People use knowledge and experience to cope with the problems of daily life, but unexpected events that require a different behavior can and do occur. The people who best handle a changed situation are adaptable and stubborn. They persevere regardless of obstacles. They do whatever they must to survive, to adjust, and to achieve better conditions. If necessary, they accept periods of humiliation, degradation, and brutal treatment. They press on despite stress, constant discomfort, frequent misery, and fear.
In disasters, some fatalities lose contact with reality and are paralyzed by fear. Most survivors instantly recognize the threat and react accordingly. The principle taught to airline flight attendants is first save yourself, and then help others. It is grim reality that some survivors fought their way past others who died.

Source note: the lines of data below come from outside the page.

(* Every sub-space-time $(M,D,g,T)$ that is compact in the Alexandrov topology (in particular every compact space-time) fails to be chronological, i.e. there exists $p\in M$ with $p\ll p$.
   Context: A sub-space-time is a quadruple $(M,D,g,T)$ where $M$ is a connected smooth manifold, $D$ is a smooth bracket-generating distribution on $M$ of rank $k$ with $2\le k<\dim M$, $g$ is a smoothly varying non-degenerate symmetric bilinear form on the fibres $D_p$ of index $1$, and $T$ is a globally defined smooth horizontal vector field with $g(T,T)<0$. A horizontal curve is an absolutely continuous curve with $\dot\gamma\in D$ a.e. and $\dot\gamma$ locally square integrable w.r.t. an auxiliary Riemannian metric; it is timelike future directed (t.f.d.) if a.e. $g(\dot\gamma,\dot\gamma)<0$ and $g(T,\dot\gamma)<0$. $p\ll q$ means there is a horizontal t.f.d. curve from $p$ to $q$; $I^+(p)=\{q:p\ll q\}$, $I^-(p)=\{q:q\ll p\}$. The Alexandrov topology is the topology on $M$ generated by the subbasis $\{I^+(p),I^-(p):p\in M\}$. A space-time is a smooth connected manifold with a Lorentzian metric and a timelike vector field (the case $D=TM$). The sub-space-time is chronological if there is no $p$ with $p\ll p$. *)

theory Defs
  imports "HOL-Analysis.Analysis"
begin

fun dd :: "'a::real_normed_vector list \<Rightarrow> ('a \<Rightarrow> 'b::real_normed_vector) \<Rightarrow> 'a \<Rightarrow> 'b" where
  "dd [] f = f"
| "dd (v # vs) f = (\<lambda>x. frechet_derivative (dd vs f) (at x) v)"

definition smooth_on :: "'a::real_normed_vector set \<Rightarrow> ('a \<Rightarrow> 'b::real_normed_vector) \<Rightarrow> bool" where
  "smooth_on U f \<longleftrightarrow> (\<forall>vs. \<forall>x\<in>U. dd vs f differentiable (at x))"

definition smooth_on_set :: "'a::real_normed_vector set \<Rightarrow> ('a \<Rightarrow> 'b::real_normed_vector) \<Rightarrow> bool" where
  "smooth_on_set M f \<longleftrightarrow>
     (\<forall>p\<in>M. \<exists>U h. open U \<and> p \<in> U \<and> smooth_on U h \<and> (\<forall>q\<in>M \<inter> U. h q = f q))"

definition submanifold :: "'a::euclidean_space set \<Rightarrow> nat \<Rightarrow> bool" where
  "submanifold M m \<longleftrightarrow>
     (\<forall>p\<in>M. \<exists>U V (\<phi>::'a \<Rightarrow> 'a) \<psi> B.
        open U \<and> open V \<and> p \<in> U \<and> smooth_on U \<phi> \<and> smooth_on V \<psi> \<and>
        \<phi> ` U = V \<and> (\<forall>x\<in>U. \<psi> (\<phi> x) = x) \<and>
        B \<subseteq> Basis \<and> card B = m \<and>
        \<phi> ` (M \<inter> U) = V \<inter> {y. \<forall>i\<in>Basis - B. y \<bullet> i = 0})"

definition tangent_space :: "'a::euclidean_space set \<Rightarrow> 'a \<Rightarrow> 'a set" where
  "tangent_space M p = {v. \<exists>(\<gamma>::real \<Rightarrow> 'a) e. e > 0 \<and> \<gamma> 0 = p \<and>
      (\<forall>t\<in>{-e<..<e}. \<gamma> t \<in> M) \<and> (\<gamma> has_vector_derivative v) (at 0)}"
lemma sum_power_le_of_sum_higher_power_le:
  fixes a :: "'b \<Rightarrow> real" and N t c :: real
  assumes "finite B" and card_B: "real (card B) \<le> N ^ r" and a_nonneg: "\<And>x. x \<in> B \<Longrightarrow> 0 \<le> a x"
    and sum_k: "(\<Sum>x\<in>B. a x ^ k) \<le> 2 * real n * c * t powr (real k / real d) * N ^ (k + r)"
    and c: "0 \<le> c" "c \<le> 1 / (2 * real n) ^ (2 * n)"
    and "0 < t" "0 < N" "1 \<le> d" "d \<le> k" "k \<le> n"
  shows "(\<Sum>x\<in>B. a x ^ d) \<le> t * N ^ (r + d) / (2 * real n)"
proof (cases "k = d")
  case True
  have "(\<Sum>x\<in>B. a x ^ d) \<le> 2 * real n * c * (t * N ^ (r + d))"
    using sum_k True assms by (simp add: ac_simps)
  also have "\<dots> \<le> 1 / (2 * real n) * (t * N ^ (r + d))"
    using assms by (intro mult_right_mono mult_le_inverse_double) auto
  finally show ?thesis by simp
next
  case False
  with assms have "d < k" "n \<ge> 2" by auto
  define e where "e = real (k - d) / real d"
  define q where "q = t / (4 * real n)"
  \<comment> \<open>chosen so that the terms below the threshold cost at most N^r M^d = t N^{r+d}/(4n)\<close>
  define M where "M = N * q powr (1 / real d)"
  have "q > 0" using assms by (simp add: q_def)
  then have "M > 0" using assms by (simp add: M_def)
  have M_d: "M ^ d = N ^ d * q" and M_kd: "M ^ (k - d) = N ^ (k - d) * q powr e"
    using \<open>q > 0\<close> assms by (simp_all add: M_def e_def power_mult_distrib powr_power)
  have "e \<le> real (k - d)"
    using assms by (simp add: e_def divide_le_eq mult_le_cancel_left1)
  then have e_le: "e \<le> real (n - 1)"
    using assms by linarith
  have "(\<Sum>x\<in>B. a x ^ d) \<le> (\<Sum>x\<in>B. M ^ d + a x ^ k / M ^ (k - d))"
    using a_nonneg \<open>M > 0\<close> \<open>d < k\<close> by (intro sum_mono power_le_threshold) auto
  also have "\<dots> = real (card B) * M ^ d + (\<Sum>x\<in>B. a x ^ k) / M ^ (k - d)"
    by (simp add: sum.distrib sum_divide_distrib)
  also have "\<dots> \<le> N ^ r * M ^ d + 2 * real n * c * t powr (real k / real d) * N ^ (k + r) / M ^ (k - d)"
    using card_B sum_k \<open>M > 0\<close> by (intro add_mono mult_right_mono divide_right_mono) auto
  also have "\<dots> = t * N ^ (r + d) / (4 * real n) + 2 * real n * c * (4 * real n) powr e * (t * N ^ (r + d))"
  proof -
    have "real k / real d = 1 + e"
      using assms \<open>d < k\<close> by (simp add: e_def field_simps of_nat_diff)
    then have "t powr (real k / real d) = t * t powr e"
      using \<open>0 < t\<close> by (simp add: powr_add)
    moreover have "N ^ (k + r) = N ^ (k - d) * N ^ (r + d)"
      using \<open>d < k\<close> by (simp flip: power_add)
    ultimately show ?thesis
      using assms by (simp add: M_d M_kd q_def powr_divide power_add field_simps)
  qed
  also have "\<dots> \<le> t * N ^ (r + d) / (4 * real n) + 1 / (4 * real n) * (t * N ^ (r + d))"
    using assms e_le \<open>n \<ge> 2\<close> by (intro add_left_mono mult_right_mono mult_powr_le_inverse_quadruple) auto
  also have "\<dots> = t * N ^ (r + d) / (2 * real n)" by (simp add: field_simps)
  finally show ?thesis .
qed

People have crossed oceans in small boats, walked a thousand miles, gone months with almost no food, and lived for years in a concentration camp because they would never give up. Others wasted away and died in a few weeks because they could not accept the changes.

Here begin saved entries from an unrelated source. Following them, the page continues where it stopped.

(* Let $\Omega$ be a set, let $n\ge 1$, and let $H_1,\ldots,H_n$ and $G$ be subgroups of $\mathrm{Sym}(\Omega)$ such that the $n$-tuple $(H_1,\ldots,H_n)$ is confined by $G$. Let $P\subset \mathrm{Sym}(\Omega)$ be a confining subset for $(H_1,\ldots,H_n,G)$ and let $r=|P|$. Assume that $\{\Omega_\sigma\}_{\sigma\in P}$ is a displacement configuration for $P$ such that for every $\sigma\in P$ the group $\mathrm{Rist}_G(\Omega_\sigma)$ is non-trivial and satisfies $\mathrm{FC}_{\leqslant nr}(\mathrm{Rist}_G(\Omega_\sigma))=\{1\}$. Then there exist $\rho\in P$ and $k\le n$ such that $H_k$ contains a non-trivial subgroup $N\le \mathrm{Rist}_G(\Omega_\rho)$ whose normalizer in $\mathrm{Rist}_G(\Omega_\rho)$ has index at most $nr$ in $\mathrm{Rist}_G(\Omega_\rho)$.
   Context: For subgroups $H_1,\ldots,H_n,G$ of a group $L$, the $n$-tuple $(H_1,\ldots,H_n)$ is confined by $G$ if there exists a finite subset $P$ of non-trivial elements of $L$ such that for every $g\in G$ there exists $j$ with $gH_jg^{-1}\cap P\neq\varnothing$; such a $P$ is called a confining subset for $(H_1,\ldots,H_n,G)$. Here $L=\mathrm{Sym}(\Omega)$, the group of all permutations of $\Omega$. For $\Sigma\subset\Omega$, the rigid stabilizer $\mathrm{Rist}_G(\Sigma)$ is the set of elements of $G$ fixing every point of $\Omega\setminus\Sigma$. For a group $K$ and $m\ge1$, $\mathrm{FC}_{\leqslant m}(K)$ is the set of elements of $K$ whose conjugacy class in $K$ has cardinality at most $m$. If $P$ is a finite set of non-trivial elements of $\mathrm{Sym}(\Omega)$, a collection $\{\Omega_\sigma\}_{\sigma\in P}$ of non-empty subsets of $\Omega$ is a displacement configuration for $P$ if: (C1) for all $\sigma,\rho\in P$, either $\Omega_\sigma=\Omega_\rho$ or $\Omega_\sigma\cap\Omega_\rho=\varnothing$; (C3) for all $\sigma,\rho\in P$, either $\sigma$ fixes $\Omega_\rho$ pointwise, or $\sigma(\Omega_\rho)$ is disjoint from $\bigcup_{\alpha\in P}\Omega_\alpha$; (C4) for all $\sigma\in P$, $\sigma(\Omega_\sigma)$ is disjoint from $\bigcup_{\alpha\in P}\Omega_\alpha$ and from $\bigcup_{\alpha\in P}\sigma^{-1}(\Omega_\alpha)$. *)

theory Defs
  imports "HOL-Algebra.Bij" "HOL-Algebra.Coset"
begin

text \<open>Sym(Omega) is rendered as the HOL-Algebra group BijGroup Omega (extensional bijections of Omega).\<close>

definition conj_set :: "'a set \<Rightarrow> ('a \<Rightarrow> 'a) \<Rightarrow> ('a \<Rightarrow> 'a) set \<Rightarrow> ('a \<Rightarrow> 'a) set" where
  "conj_set \<Omega> g H = {g \<otimes>\<^bsub>BijGroup \<Omega>\<^esub> h \<otimes>\<^bsub>BijGroup \<Omega>\<^esub> inv\<^bsub>BijGroup \<Omega>\<^esub> g | h. h \<in> H}"

definition confining_subset ::
  "'a set \<Rightarrow> nat \<Rightarrow> (nat \<Rightarrow> ('a \<Rightarrow> 'a) set) \<Rightarrow> ('a \<Rightarrow> 'a) set \<Rightarrow> ('a \<Rightarrow> 'a) set \<Rightarrow> bool" where
  "confining_subset \<Omega> n H G P \<longleftrightarrow>
     finite P \<and> P \<subseteq> carrier (BijGroup \<Omega>) - {\<one>\<^bsub>BijGroup \<Omega>\<^esub>} \<and>
     (\<forall>g\<in>G. \<exists>j\<in>{1..n}. conj_set \<Omega> g (H j) \<inter> P \<noteq> {})"

definition confined_by ::
  "'a set \<Rightarrow> nat \<Rightarrow> (nat \<Rightarrow> ('a \<Rightarrow> 'a) set) \<Rightarrow> ('a \<Rightarrow> 'a) set \<Rightarrow> bool" where
  "confined_by \<Omega> n H G \<longleftrightarrow> (\<exists>P. confining_subset \<Omega> n H G P)"

definition Rist :: "'a set \<Rightarrow> ('a \<Rightarrow> 'a) set \<Rightarrow> 'a set \<Rightarrow> ('a \<Rightarrow> 'a) set" where
  "Rist \<Omega> G \<Sigma> = {g \<in> G. \<forall>x \<in> \<Omega> - \<Sigma>. g x = x}"

definition FC_le :: "'a set \<Rightarrow> nat \<Rightarrow> ('a \<Rightarrow> 'a) set \<Rightarrow> ('a \<Rightarrow> 'a) set" where
  "FC_le \<Omega> m K = {x \<in> K. finite {g \<otimes>\<^bsub>BijGroup \<Omega>\<^esub> x \<otimes>\<^bsub>BijGroup \<Omega>\<^esub> inv\<^bsub>BijGroup \<Omega>\<^esub> g | g. g \<in> K}
                      \<and> card {g \<otimes>\<^bsub>BijGroup \<Omega>\<^esub> x \<otimes>\<^bsub>BijGroup \<Omega>\<^esub> inv\<^bsub>BijGroup \<Omega>\<^esub> g | g. g \<in> K} \<le> m}"
lemma descent_step:
  assumes below: "\<And>k. nu$k < mu$k"
    and min1: "\<And>k. (sqrt (mu$k1) - sqrt (nu$k1))\<^sup>2 / green$k1$k1
                    \<le> (sqrt (mu$k) - sqrt (nu$k))\<^sup>2 / green$k$k"
    and \<alpha>: "\<alpha> \<in> Bset P k1" and i: "i \<noteq> k1" "i \<notin> Jset P \<alpha>"
  obtains \<beta> where "\<beta> \<in> Bset P k1" "Jset P \<alpha> \<union> {i} \<subseteq> Jset P \<beta>"
    "Rfun lam mu P \<beta> < Rfun lam mu P \<alpha>"
proof -
  have slack_\<alpha>: "slack P \<alpha> k \<ge> 0" if "k \<noteq> k1" for k
    using \<alpha> that by (simp add: Bset_iff_slack)
  have slack_i: "slack P \<alpha> i > 0"
    using slack_\<alpha>[OF i(1)] i(2) by (simp add: Jset_iff_slack)
  have descent: "Rfun lam mu P \<beta> < Rfun lam mu P \<alpha>"
    if "\<And>k. m$k \<ge> 0" "\<And>q. Rfun_grad lam m P \<beta> q = 0"
      "\<And>k. (mu$k - m$k) * slack P \<alpha> k \<ge> 0" "m$i < mu$i"
      "\<And>k. (mu$k - m$k) * slack P \<beta> k = 0" for m \<beta>
    by (rule Rfun_descent[where i = i, OF that(1) lam_nonneg P_nonneg p0_nonneg that(2,3) _ that(5)])
      (use that(4) slack_i in simp)
  show ?thesis
  proof (cases "k1 \<in> Jset P \<alpha>")
    case True
    show ?thesis
    proof (rule that[of 0])
      show "0 \<in> Bset P k1" "Jset P \<alpha> \<union> {i} \<subseteq> Jset P 0"
        by (auto simp: Bset_iff_slack Jset_iff_slack slack_zero)
      have "(mu$k - nu$k) * slack P \<alpha> k \<ge> 0" for k
        using True slack_\<alpha>[of k] below[of k] by (cases "k = k1") (auto simp: Jset_iff_slack)
      then show "Rfun lam mu P 0 < Rfun lam mu P \<alpha>"
        by (intro descent[of nu]) (simp_all add: nu_nonneg Rfun_grad_traffic below slack_zero)
    qed
  next
    case False
    define c where "c = tuned_tilt k1"
    have c: "c \<ge> 0" "adapted_rates k1 c $ k1 = mu$k1"
      "\<And>k. k \<noteq> k1 \<Longrightarrow> adapted_rates k1 c $ k < mu$k"
      using tuned_tilt_pos[OF below] adapted_rates_tuned_at[OF below]
        adapted_rates_tuned_less[OF _ below below min1] by (simp_all add: c_def less_imp_le)
    show ?thesis
    proof (rule that[of "adapted_point k1 c"])
      show "adapted_point k1 c \<in> Bset P k1"
        by (simp add: Bset_iff_slack slack_adapted_point[OF c(1)])
      show "Jset P \<alpha> \<union> {i} \<subseteq> Jset P (adapted_point k1 c)"
        using False i(1) by (auto simp: Jset_iff_slack slack_adapted_point[OF c(1)])
      have "(mu$k - adapted_rates k1 c $ k) * slack P \<alpha> k \<ge> 0" for k
        using c slack_\<alpha>[of k] by (cases "k = k1") (auto simp: less_imp_le)
      then show "Rfun lam mu P (adapted_point k1 c) < Rfun lam mu P \<alpha>"
        by (intro descent[of "adapted_rates k1 c"])
          (simp_all add: adapted_rates_nonneg Rfun_grad_adapted slack_adapted_point c i(1))
    qed
  qed
qed

end

theorem lemma8p1:
  fixes lam mu nu :: "real^'n::finite" and P :: "real^'n^'n" and k1 :: 'n
    and \<alpha> :: "real^'n"
  assumes lam_nonneg: "\<forall>i. lam$i \<ge> 0"
    and mu_pos: "\<forall>i. mu$i > 0"
    and P_nonneg: "\<forall>i j. P$i$j \<ge> 0"
    and P_diag: "\<forall>i. P$i$i = 0"
    and P_rows: "\<forall>i. (\<Sum>j\<in>UNIV. P$i$j) \<le> 1"
    and A: "hypA lam mu P"
    and traffic: "\<forall>j. nu$j = lam$j + (\<Sum>i\<in>UNIV. nu$i * P$i$j)"
    and B: "\<forall>i. nu$i < mu$i"
    and G_def: "G = matrix_inv (mat 1 - P)"
    and min1: "\<forall>i. (sqrt (mu$k1) - sqrt (nu$k1))\<^sup>2 / G$k1$k1
                     \<le> (sqrt (mu$i) - sqrt (nu$i))\<^sup>2 / G$i$i"
    and alpha_B: "\<alpha> \<in> Bset P k1"
    and nonempty: "(UNIV - {k1}) - Jset P \<alpha> \<noteq> {}"
  shows "\<forall>i \<in> (UNIV - {k1}) - Jset P \<alpha>. \<exists>\<alpha>' \<in> Bset P k1.
            Jset P \<alpha> \<union> {i} \<subseteq> Jset P \<alpha>' \<and>
            Rfun lam mu P \<alpha>' < max (Rfun lam mu P \<alpha>)
                                   (- (1 / G$i$i) * (sqrt (mu$i) - sqrt (nu$i))\<^sup>2)"
proof
  fix i assume i: "i \<in> (UNIV - {k1}) - Jset P \<alpha>"
  interpret jackson_network lam mu P nu
    by (unfold_locales; use lam_nonneg mu_pos P_nonneg P_rows A traffic in blast)
  have "G = green"
    by (simp add: G_def green_def)
  with i obtain \<beta> where "\<beta> \<in> Bset P k1" "Jset P \<alpha> \<union> {i} \<subseteq> Jset P \<beta>"
      "Rfun lam mu P \<beta> < Rfun lam mu P \<alpha>"
    using descent_step[of k1 \<alpha> i, OF _ _ alpha_B] B min1 by blast
  then show "\<exists>\<alpha>' \<in> Bset P k1. Jset P \<alpha> \<union> {i} \<subseteq> Jset P \<alpha>' \<and>
      Rfun lam mu P \<alpha>' < max (Rfun lam mu P \<alpha>) (- (1 / G$i$i) * (sqrt (mu$i) - sqrt (nu$i))\<^sup>2)"
    by (intro bexI[of _ \<beta>]) auto
qed

end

Rarely is the person in charge at the time of a disaster the best leader for survivors. A compulsion to lead does not indicate good judgement. A good leader sets an example, helps others, and makes decisions that improve conditions. Nagging should benefit the person or the group, and humiliation should be a last resort to obtain cooperation or save lives.
Abandoning a group of people who are making a bad mistake could be viewed as socially reprehensible, but the choices might be live pariah or dead fool.